Exercise brief = From the entries below, please output exactly the lines starting at the one containing "(\<forall>q :: nat" and ending at the one containing "j < n \<and>", both included.

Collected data
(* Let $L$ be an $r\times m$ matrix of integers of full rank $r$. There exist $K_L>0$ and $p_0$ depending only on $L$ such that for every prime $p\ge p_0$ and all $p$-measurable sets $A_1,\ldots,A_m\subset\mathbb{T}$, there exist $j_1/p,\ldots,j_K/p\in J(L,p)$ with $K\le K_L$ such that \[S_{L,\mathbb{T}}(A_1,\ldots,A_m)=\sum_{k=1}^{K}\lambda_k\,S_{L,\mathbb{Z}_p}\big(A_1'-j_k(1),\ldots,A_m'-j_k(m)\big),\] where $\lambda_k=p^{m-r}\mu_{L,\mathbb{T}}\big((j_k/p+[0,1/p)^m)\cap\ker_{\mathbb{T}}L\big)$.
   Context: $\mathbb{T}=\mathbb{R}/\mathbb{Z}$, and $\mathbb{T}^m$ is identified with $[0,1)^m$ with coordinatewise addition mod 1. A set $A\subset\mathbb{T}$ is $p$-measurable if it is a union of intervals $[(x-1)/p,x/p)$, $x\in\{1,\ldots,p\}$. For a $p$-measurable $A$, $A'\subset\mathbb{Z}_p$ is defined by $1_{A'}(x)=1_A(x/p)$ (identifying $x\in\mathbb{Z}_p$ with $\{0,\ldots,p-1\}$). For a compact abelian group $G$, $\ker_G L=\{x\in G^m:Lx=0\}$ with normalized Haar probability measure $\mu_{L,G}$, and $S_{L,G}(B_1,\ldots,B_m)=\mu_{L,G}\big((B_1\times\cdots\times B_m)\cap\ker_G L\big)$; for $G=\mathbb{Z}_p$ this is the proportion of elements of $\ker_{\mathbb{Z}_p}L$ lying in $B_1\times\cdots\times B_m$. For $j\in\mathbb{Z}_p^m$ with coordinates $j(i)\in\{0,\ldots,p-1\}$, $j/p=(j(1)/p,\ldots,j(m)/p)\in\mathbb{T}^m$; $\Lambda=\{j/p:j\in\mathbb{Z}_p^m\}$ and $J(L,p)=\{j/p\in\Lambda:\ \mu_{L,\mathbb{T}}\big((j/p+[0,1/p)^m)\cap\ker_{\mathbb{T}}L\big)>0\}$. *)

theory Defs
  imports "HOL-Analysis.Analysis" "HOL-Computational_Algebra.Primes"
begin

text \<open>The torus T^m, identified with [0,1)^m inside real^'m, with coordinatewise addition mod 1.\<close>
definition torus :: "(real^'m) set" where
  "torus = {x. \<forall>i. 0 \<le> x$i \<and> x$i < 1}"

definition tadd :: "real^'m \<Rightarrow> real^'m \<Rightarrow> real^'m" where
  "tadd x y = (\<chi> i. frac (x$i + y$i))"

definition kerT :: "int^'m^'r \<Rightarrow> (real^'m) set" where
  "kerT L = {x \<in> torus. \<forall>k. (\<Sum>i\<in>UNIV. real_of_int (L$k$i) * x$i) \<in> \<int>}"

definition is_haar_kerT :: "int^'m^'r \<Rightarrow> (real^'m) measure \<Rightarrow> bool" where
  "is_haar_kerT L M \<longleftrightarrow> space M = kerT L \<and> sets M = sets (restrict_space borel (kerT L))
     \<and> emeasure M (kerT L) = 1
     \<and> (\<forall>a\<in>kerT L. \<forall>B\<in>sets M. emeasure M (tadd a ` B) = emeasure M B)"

* * *

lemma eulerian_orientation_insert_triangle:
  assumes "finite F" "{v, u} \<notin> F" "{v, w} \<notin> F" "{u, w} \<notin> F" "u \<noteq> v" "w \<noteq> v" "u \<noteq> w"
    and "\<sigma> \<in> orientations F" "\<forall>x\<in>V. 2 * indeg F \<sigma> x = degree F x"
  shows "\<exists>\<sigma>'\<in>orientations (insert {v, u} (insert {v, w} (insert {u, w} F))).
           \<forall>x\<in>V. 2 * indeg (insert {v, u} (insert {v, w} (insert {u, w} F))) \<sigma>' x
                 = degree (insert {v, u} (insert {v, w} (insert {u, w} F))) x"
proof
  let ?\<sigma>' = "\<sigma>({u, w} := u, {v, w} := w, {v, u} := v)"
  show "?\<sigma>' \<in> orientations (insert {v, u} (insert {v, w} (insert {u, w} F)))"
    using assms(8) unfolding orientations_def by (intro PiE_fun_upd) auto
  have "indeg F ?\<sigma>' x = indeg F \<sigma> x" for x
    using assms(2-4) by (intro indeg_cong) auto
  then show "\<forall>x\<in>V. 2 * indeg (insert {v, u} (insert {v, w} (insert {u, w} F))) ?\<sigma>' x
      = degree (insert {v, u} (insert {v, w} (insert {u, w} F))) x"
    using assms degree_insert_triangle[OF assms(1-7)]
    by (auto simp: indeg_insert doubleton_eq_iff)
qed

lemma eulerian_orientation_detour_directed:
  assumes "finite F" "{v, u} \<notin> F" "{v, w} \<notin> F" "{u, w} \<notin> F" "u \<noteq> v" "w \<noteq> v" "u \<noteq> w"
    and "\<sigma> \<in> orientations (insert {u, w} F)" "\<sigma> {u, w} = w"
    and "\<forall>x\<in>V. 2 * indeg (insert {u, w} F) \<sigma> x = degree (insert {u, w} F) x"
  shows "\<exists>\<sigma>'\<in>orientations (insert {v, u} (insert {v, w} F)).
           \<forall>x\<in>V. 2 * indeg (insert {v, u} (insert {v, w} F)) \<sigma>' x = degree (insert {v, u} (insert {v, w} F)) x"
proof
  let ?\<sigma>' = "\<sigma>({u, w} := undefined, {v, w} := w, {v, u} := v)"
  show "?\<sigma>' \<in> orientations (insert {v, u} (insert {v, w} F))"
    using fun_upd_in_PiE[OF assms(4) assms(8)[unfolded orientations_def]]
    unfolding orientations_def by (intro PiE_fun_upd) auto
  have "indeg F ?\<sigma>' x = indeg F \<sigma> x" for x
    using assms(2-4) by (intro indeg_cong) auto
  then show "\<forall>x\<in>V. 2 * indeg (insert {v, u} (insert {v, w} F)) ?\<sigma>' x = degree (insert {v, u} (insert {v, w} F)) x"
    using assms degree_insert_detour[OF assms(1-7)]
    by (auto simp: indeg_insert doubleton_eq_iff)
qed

---

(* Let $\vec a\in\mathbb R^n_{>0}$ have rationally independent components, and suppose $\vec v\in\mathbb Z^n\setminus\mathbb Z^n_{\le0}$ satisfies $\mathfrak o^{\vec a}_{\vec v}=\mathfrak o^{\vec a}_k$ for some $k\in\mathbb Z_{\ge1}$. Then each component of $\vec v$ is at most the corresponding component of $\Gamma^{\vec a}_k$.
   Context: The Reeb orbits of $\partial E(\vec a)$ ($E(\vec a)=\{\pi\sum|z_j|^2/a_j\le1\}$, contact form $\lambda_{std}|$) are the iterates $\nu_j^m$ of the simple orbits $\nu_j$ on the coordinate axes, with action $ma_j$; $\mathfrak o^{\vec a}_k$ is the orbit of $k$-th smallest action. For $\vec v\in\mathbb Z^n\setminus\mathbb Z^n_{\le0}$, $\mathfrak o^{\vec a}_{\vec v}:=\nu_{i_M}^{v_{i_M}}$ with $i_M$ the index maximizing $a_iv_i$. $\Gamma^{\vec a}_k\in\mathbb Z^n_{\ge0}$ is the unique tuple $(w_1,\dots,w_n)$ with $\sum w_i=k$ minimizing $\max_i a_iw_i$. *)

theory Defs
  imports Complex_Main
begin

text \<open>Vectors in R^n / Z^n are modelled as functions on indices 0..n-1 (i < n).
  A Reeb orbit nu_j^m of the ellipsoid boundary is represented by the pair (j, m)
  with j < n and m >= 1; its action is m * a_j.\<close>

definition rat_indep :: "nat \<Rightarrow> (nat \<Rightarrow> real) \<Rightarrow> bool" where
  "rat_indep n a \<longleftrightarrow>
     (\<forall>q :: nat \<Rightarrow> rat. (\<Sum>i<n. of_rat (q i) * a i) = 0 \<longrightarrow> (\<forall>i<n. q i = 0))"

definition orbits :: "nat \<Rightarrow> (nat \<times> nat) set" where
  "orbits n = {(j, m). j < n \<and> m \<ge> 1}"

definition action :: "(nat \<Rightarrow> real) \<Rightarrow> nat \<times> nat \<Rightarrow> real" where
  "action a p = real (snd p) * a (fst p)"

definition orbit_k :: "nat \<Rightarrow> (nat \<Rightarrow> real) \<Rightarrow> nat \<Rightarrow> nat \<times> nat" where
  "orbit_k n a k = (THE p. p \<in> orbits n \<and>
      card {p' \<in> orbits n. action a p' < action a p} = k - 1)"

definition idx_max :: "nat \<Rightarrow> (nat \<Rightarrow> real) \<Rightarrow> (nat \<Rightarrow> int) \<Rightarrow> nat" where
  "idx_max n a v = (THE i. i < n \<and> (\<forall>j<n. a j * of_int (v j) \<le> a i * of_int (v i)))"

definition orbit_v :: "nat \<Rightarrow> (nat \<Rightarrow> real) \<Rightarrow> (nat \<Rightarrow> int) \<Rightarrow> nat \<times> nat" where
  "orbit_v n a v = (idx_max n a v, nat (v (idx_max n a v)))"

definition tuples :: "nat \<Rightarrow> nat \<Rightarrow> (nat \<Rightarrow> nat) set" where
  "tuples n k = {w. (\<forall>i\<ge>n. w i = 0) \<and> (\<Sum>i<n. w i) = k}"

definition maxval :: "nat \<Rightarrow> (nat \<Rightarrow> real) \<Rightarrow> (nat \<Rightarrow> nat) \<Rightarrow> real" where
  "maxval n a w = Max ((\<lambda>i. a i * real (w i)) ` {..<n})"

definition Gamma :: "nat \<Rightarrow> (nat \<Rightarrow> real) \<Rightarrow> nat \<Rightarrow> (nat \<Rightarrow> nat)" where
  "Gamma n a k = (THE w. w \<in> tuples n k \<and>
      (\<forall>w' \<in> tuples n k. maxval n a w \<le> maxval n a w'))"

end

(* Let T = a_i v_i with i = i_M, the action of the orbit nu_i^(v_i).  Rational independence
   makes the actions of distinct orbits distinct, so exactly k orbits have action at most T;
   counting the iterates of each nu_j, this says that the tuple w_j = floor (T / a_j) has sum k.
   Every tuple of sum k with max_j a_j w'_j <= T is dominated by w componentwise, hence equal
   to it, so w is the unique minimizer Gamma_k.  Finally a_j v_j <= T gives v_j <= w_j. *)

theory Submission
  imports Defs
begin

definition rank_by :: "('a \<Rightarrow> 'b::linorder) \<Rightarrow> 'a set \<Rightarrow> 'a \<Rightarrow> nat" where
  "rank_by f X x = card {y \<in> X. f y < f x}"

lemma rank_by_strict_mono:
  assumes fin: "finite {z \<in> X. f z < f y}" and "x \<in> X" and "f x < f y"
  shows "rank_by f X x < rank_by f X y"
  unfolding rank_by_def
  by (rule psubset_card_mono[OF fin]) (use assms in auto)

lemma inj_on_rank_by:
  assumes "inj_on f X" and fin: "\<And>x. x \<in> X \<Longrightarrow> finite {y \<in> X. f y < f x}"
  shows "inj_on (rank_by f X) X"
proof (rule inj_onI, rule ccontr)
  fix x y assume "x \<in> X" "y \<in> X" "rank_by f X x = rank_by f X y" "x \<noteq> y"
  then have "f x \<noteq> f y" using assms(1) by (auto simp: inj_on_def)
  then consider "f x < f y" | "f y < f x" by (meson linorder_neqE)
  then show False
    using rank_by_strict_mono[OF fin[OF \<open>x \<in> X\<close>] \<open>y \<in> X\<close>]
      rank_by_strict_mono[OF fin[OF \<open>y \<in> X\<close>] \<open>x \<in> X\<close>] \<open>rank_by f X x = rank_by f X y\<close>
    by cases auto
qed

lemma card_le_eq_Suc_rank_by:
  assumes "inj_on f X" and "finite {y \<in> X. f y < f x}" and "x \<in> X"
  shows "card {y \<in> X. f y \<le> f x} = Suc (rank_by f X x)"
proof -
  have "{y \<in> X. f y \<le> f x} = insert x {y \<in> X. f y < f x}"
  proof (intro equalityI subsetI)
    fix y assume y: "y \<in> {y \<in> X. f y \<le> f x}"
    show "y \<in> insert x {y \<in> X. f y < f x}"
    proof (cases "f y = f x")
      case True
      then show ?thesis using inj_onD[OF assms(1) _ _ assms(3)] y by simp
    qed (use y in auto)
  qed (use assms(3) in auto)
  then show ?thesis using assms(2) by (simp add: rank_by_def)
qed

Task output =
     (\<forall>q :: nat \<Rightarrow> rat. (\<Sum>i<n. of_rat (q i) * a i) = 0 \<longrightarrow> (\<forall>i<n. q i = 0))"

definition orbits :: "nat \<Rightarrow> (nat \<times> nat) set" where
  "orbits n = {(j, m). j < n \<and> m \<ge> 1}"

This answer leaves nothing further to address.